Haskell get elements from list through list of indices

Question

I have a list of indexes and want to get a list filled with the values obtained by the indexes.

e.g.:

[1,2,3,4] `getAllOf` [1,3] --> [2,4] 

What is the simplest way to do this?

Answer 1

It the list of indices is sorted, it is better to use recursion, since then we avoid enumerating multiples times over the list of values:

getAllOf :: [a] -> [Int] -> Maybe [a]
getAllOf = flip (go 0)
    where go _ [] _ = Just []
          go i (j:js) xs
              | j < i = Nothing
              | (y:ys) <- drop (j-i) xs = (y :) <$> go (j+1) js ys
              | otherwise = Nothing

This wraps the result in a Just if all indices are valid, and Nothing otherwise.

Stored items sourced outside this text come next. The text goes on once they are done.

lemma subgroup_hol_cong_mod_four:
  assumes e: "e \<ge> 2" and G: "subgroup G (hol e)" and c: "(1, c) \<in> G"
    and no_odd: "\<And>v b. (v, b) \<in> G \<Longrightarrow> odd v \<Longrightarrow> b mod 4 \<noteq> 1"
    and vb: "(v, b) \<in> G"
  shows "[b - 1 = 2 * v] (mod 4)"
proof -
  have odd: "odd b" "odd c" using vb c subgroup.subset[OF G] by (auto simp: mem_carrier_hol_iff)
  then have "c mod 4 = 3" using no_odd[OF c] by presburger
  have "\<not> (even v \<and> b mod 4 = 3)"
  proof
    assume v: "even v \<and> b mod 4 = 3"
    have "(v, b) \<otimes>\<^bsub>hol e\<^esub> (1, c) \<in> G" using vb c by (rule subgroup.m_closed[OF G])
    moreover have "odd ((v + b) mod 2^e)" using v odd e by (simp add: odd_mod_two_pow)
    moreover have "(b * c) mod 2^e mod 4 = 1"
      using v \<open>c mod 4 = 3\<close> e by (simp add: mod_two_pow_mod_four mod_mult_eq[of b 4 c, symmetric])
    ultimately show False using no_odd by simp
  qed
  moreover have "\<not> (odd v \<and> b mod 4 = 1)" using no_odd[OF vb] by blast
  ultimately show ?thesis using odd(1) unfolding cong_def by presburger
qed

theorem lemma5p1:
  fixes e :: nat and G :: "(int \<times> int) set"
  assumes "e \<ge> 2"
    and "subgroup G (hol e)"
    and "hol_transitive e G"
  shows "(\<exists>g \<in> G. group.ord (hol e) g = 2^(e-1))
    \<and> ((\<not> (\<exists>g \<in> G. group.ord (hol e) g = 2^e)) \<longrightarrow>
         (\<forall>v b. (v, b) \<in> G \<longrightarrow> [b - 1 = 2 * v] (mod 4))
         \<and> hol_stab e G \<subseteq> generate (hol e) {(0, 5 mod 2^e)})"
proof -
  interpret group "hol e" using group_hol assms(1) by simp
  interpret G: subgroup G "hol e" by fact
  have "(4::int) \<le> 2^e" using power_increasing[OF assms(1), of "2::int"] by simp
  then obtain c1 c2 where c1: "(1, c1) \<in> G" and c2: "(2, c2) \<in> G"
    using hol_transitive_ex_fst[OF assms(2,3), of 1] hol_transitive_ex_fst[OF assms(2,3), of 2]
    by auto
  show ?thesis
  proof (cases "\<exists>g \<in> G. ord g = 2^e")
    case True
    moreover have "(2::nat)^e = 2 * 2^(e - 1)" using assms(1) by (cases e) auto
    ultimately obtain g where "g \<in> G" "ord g = 2 * 2^(e - 1)" by auto
    then have "g \<otimes>\<^bsub>hol e\<^esub> g \<in> G" "ord (g \<otimes>\<^bsub>hol e\<^esub> g) = 2^(e - 1)"
      using ord_mult_self by auto
    with True show ?thesis by blast
  next
    case False
    have "b mod 4 \<noteq> 1" if "(v, b) \<in> G" "odd v" for v b
      using hol_ord_eq[of v b e 0 v] that False G.subset assms(1) by auto
    then have cong: "\<And>v b. (v, b) \<in> G \<Longrightarrow> [b - 1 = 2 * v] (mod 4)"
      using subgroup_hol_cong_mod_four[OF assms(1,2) c1] by blast
    then have "c2 mod 4 = 1" using cong[OF c2] unfolding cong_def by presburger
    then have "ord (2, c2) = 2^(e - 1)"
      using hol_ord_eq[of 2 c2 e 1 1] c2 G.subset assms(1) by auto
    then show ?thesis
      using c2 cong hol_stab_subset_generate_five[OF assms(1,2)] by blast
  qed
qed

end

For example:

Prelude> getAllOf [1..4] [1,3]
Just [2,4]
Prelude> getAllOf [1..4] [1,1]
Nothing
Prelude> getAllOf [1..4] [-1,2]
Nothing
Prelude> getAllOf [1..4] [15]
Nothing
Prelude> getAllOf [1..4] [0,1,2,3,4]
Nothing
Prelude> getAllOf [1..4] [0,1,2,3]
Just [1,2,3,4]

Answer 2

Using map should be the shortest solution for that.

This is the long version:

map (\x -> [1,2,3,4]!!x) [1,3]

you can simplify it by using:

map ([1,2,3,4]!!) [1,3]

is the short and clean way without lambda expression.